Голландец рисовал с меня картинку, когда я проснулся; солнце садилось; Еремей и сюрюджи делали чай. Я, говоря вообще, лицо не очень живописное, но лежа, как дикий араб, у подножия высокой колонны, с белой чалмой на голове и с журавлиным гнездом под головою, я, право, не так дурен, как вы думаете. И как голландец рисовал fur Geld, для денег, и надеялся продать свою работу какому-нибудь путешественнику в Смирне, который, конечно, воспользуется этим рисунком, чтоб утверждать в своем дневнике, что он был в Сардисе, и в доказательство представит маленький вид его развалин, то я еще не отчаиваюсь увидеть себя в литографии. Кстати о картинах: я теперь очень сожалею, что не пригласил тогда горбатого живописца сделать мне очерк Еремея, сидящего на корточках перед огнем с оловянным чайником в руке и об руку с злолицым турком, который поддерживал пламя сухим сирийским терновником. Я представляю себе, как почтенная его матушка, которую оставил он на Валдае, порадовалась бы на своего Ерему, увидев его в бусурманской чалме и со стаканом чаю, сидящего посреди Анатолии[131]!
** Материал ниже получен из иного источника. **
lemma rcvs_on_concat_pairs:
  "\<forall>p\<in>set ps. sync_pair p \<Longrightarrow>
   rcvs_on (concat_pairs ps) ch = map snd (filter (\<lambda>p. chan (fst p) = ch) ps)"
  by (induction ps) (auto simp: rcvs_on_def sync_pair_def)

lemma rf_of_concat_pairs:
  assumes "\<forall>p\<in>set ps. sync_pair p"
  shows "rf_of (concat_pairs ps) = set ps"
proof (intro set_eqI iffI)
  fix p assume "p \<in> rf_of (concat_pairs ps)"
  then obtain ch i where "i < length (filter (\<lambda>p. chan (fst p) = ch) ps)"
      "p = filter (\<lambda>p. chan (fst p) = ch) ps ! i"
    unfolding rf_of_def sends_on_concat_pairs[OF assms] rcvs_on_concat_pairs[OF assms] by auto
  then show "p \<in> set ps" by (metis nth_mem filter_is_subset subsetD)
next
  fix p assume "p \<in> set ps"
  then have "p \<in> set (filter (\<lambda>q. chan (fst q) = chan (fst p)) ps)" by simp
  then obtain i where "i < length (filter (\<lambda>q. chan (fst q) = chan (fst p)) ps)"
      "filter (\<lambda>q. chan (fst q) = chan (fst p)) ps ! i = p"
    by (metis in_set_conv_nth)
  then show "p \<in> rf_of (concat_pairs ps)"
    unfolding rf_of_def sends_on_concat_pairs[OF assms] rcvs_on_concat_pairs[OF assms]
    by (auto intro!: exI[of _ "chan (fst p)"] exI[of _ i])
qed

definition rendezvous :: "'c capacity \<Rightarrow> ('i,'t,'c,'v) event list \<Rightarrow> bool" where
  "rendezvous cap \<sigma> \<longleftrightarrow> (\<forall>i < length \<sigma>. cap (chan (\<sigma>!i)) = 0 \<longrightarrow>
     (eop (\<sigma>!i) = Snd \<longrightarrow> Suc i < length \<sigma> \<and> eop (\<sigma>!Suc i) = Rcv \<and>
        chan (\<sigma>!Suc i) = chan (\<sigma>!i) \<and> thr (\<sigma>!Suc i) \<noteq> thr (\<sigma>!i)) \<and>
     (eop (\<sigma>!i) = Rcv \<longrightarrow> 0 < i \<and> eop (\<sigma>!(i-1)) = Snd \<and>
        chan (\<sigma>!(i-1)) = chan (\<sigma>!i) \<and> thr (\<sigma>!(i-1)) \<noteq> thr (\<sigma>!i)))"

lemma well_formed_iff_rendezvous:
  "well_formed cap \<sigma> \<longleftrightarrow>
     (\<forall>ch. cap ch > 0 \<longrightarrow> (\<forall>k \<le> length \<sigma>.
        length (rcvs_on (take k \<sigma>) ch) \<le> length (sends_on (take k \<sigma>) ch) \<and>
        length (sends_on (take k \<sigma>) ch) \<le> length (rcvs_on (take k \<sigma>) ch) + cap ch)) \<and>
     rendezvous cap \<sigma> \<and>
     (\<forall>ch i. i < length (rcvs_on \<sigma> ch) \<longrightarrow>
        i < length (sends_on \<sigma> ch) \<and> val (sends_on \<sigma> ch ! i) = val (rcvs_on \<sigma> ch ! i))"
  unfolding well_formed_def rendezvous_def ..
lemma int_kernel_not_all_dvd:
  fixes C :: "int mat" and p :: int
  assumes C: "C \<in> carrier_mat m n" and p: "1 < p"
  shows "u \<in> carrier_vec n \<Longrightarrow> u \<noteq> 0\<^sub>v n \<Longrightarrow> C *\<^sub>v u = 0\<^sub>v m \<Longrightarrow>
    \<exists>u' \<in> carrier_vec n. C *\<^sub>v u' = 0\<^sub>v m \<and> (\<exists>j<n. \<not> p dvd u' $ j)"
proof (induction "\<Sum>j<n. nat \<bar>u $ j\<bar>" arbitrary: u rule: less_induct)
  case less
  show ?case
  proof (cases "\<forall>j<n. p dvd u $ j")
    case False
    with less.prems show ?thesis by blast
  next
    case True
    define u' where "u' = vec n (\<lambda>j. u $ j div p)"
    have u'_carrier: "u' \<in> carrier_vec n" by (simp add: u'_def)
    have u: "u = p \<cdot>\<^sub>v u'"
      using True less.prems(1) by (intro eq_vecI) (auto simp: u'_def)
    have ker: "C *\<^sub>v u' = 0\<^sub>v m"
    proof (rule eq_vecI)
      fix k assume k: "k < dim_vec (0\<^sub>v m)"
      then have "p * (C *\<^sub>v u') $ k = (C *\<^sub>v u) $ k" using C u'_carrier by (simp add: u)
      then show "(C *\<^sub>v u') $ k = 0\<^sub>v m $ k" using less.prems(3) p k by simp
    qed (use C in simp)
    have "\<exists>j<n. u' $ j \<noteq> 0"
      using less.prems(2) u'_carrier unfolding u by (auto simp: vec_eq_iff)
    then obtain j where j: "j < n" "u' $ j \<noteq> 0" by blast
    have "(\<Sum>j<n. nat \<bar>u' $ j\<bar>) < (\<Sum>j<n. nat \<bar>u $ j\<bar>)"
    proof (rule sum_strict_mono_ex1)
      have scale: "\<bar>u $ l\<bar> = p * \<bar>u' $ l\<bar>" if "l < n" for l
        using that p u'_carrier by (simp add: u abs_mult)
      have "nat \<bar>u' $ l\<bar> \<le> nat \<bar>u $ l\<bar>" if "l < n" for l
        using scale[OF that] p mult_right_mono[of 1 p "\<bar>u' $ l\<bar>"] by simp
      moreover have "nat \<bar>u' $ j\<bar> < nat \<bar>u $ j\<bar>"
        using scale[OF j(1)] p j(2) mult_strict_right_mono[of 1 p "\<bar>u' $ j\<bar>"] by simp
      ultimately show "\<forall>l\<in>{..<n}. nat \<bar>u' $ l\<bar> \<le> nat \<bar>u $ l\<bar>"
        and "\<exists>l\<in>{..<n}. nat \<bar>u' $ l\<bar> < nat \<bar>u $ l\<bar>"
        using j(1) by auto
    qed simp
    moreover have "u' \<noteq> 0\<^sub>v n" using j by auto
    ultimately show ?thesis using less.hyps u'_carrier ker by blast
  qed
qed

lemma mod_kernel_of_int_kernel:
  fixes c :: "nat \<Rightarrow> nat \<Rightarrow> nat" and u :: "int vec"
  assumes p: "0 < p" and u: "u \<in> carrier_vec n"
    and ker: "mat m n (\<lambda>(k, j). int (c k j)) *\<^sub>v u = 0\<^sub>v m"
    and j: "j < n" "\<not> int p dvd u $ j"
  shows "\<exists>v \<in> {0..<n} \<rightarrow>\<^sub>E {0..<p}. (\<exists>j<n. v j \<noteq> 0) \<and> (\<forall>k<m. p dvd dotp n (c k) v)"
proof -
  define v where "v = restrict (\<lambda>j. nat (u $ j mod int p)) {0..<n}"
  have "v \<in> {0..<n} \<rightarrow>\<^sub>E {0..<p}"
    using p by (auto simp: v_def nat_less_iff)
  moreover have "v j \<noteq> 0"
    using j p by (simp add: v_def dvd_eq_mod_eq_0 nat_eq_iff)
  moreover have "p dvd dotp n (c k) v" if k: "k < m" for k
  proof -
    have "int (dotp n (c k) v) = (\<Sum>l<n. int (c k l) * (u $ l mod int p))"
      using p by (simp add: dotp_def v_def)
    also have "[\<dots> = (\<Sum>l<n. int (c k l) * u $ l)] (mod int p)"
      by (intro cong_sum cong_mult cong_refl) (simp add: cong_def)
    also have "(\<Sum>l<n. int (c k l) * u $ l) = 0"
      using arg_cong[OF ker, of "\<lambda>x. x $ k"] k u
      by (simp add: scalar_prod_def lessThan_atLeast0 row_def)
    finally show ?thesis by (simp add: cong_0_iff)
  qed
  ultimately show ?thesis using j(1) by blast
qed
Четыре стены, бывшие под блюстительством ангела сардинской церкви во дни Апокалипсиса[132], стояли неподалеку от берегов Пактола и почти на одной черте с дворцом Креза и с рекою. Ионические капители[133] двух изящных колонн разрушенного храма горели еще с одной стороны розовым светом заката, когда полный месяц всплывал на востоке и лил чистое серебро на другую. Два света смешивались в небе в опаловых сумерках.
— Еремей! — сказал я, — можешь ли ты решить, отчего поэты назвали эту речку «золотым» Пактолом? Видал ли ты где-нибудь песок серее этого?
— Поэты, сударь? Да они все лгут! Какой правды ждать от турок?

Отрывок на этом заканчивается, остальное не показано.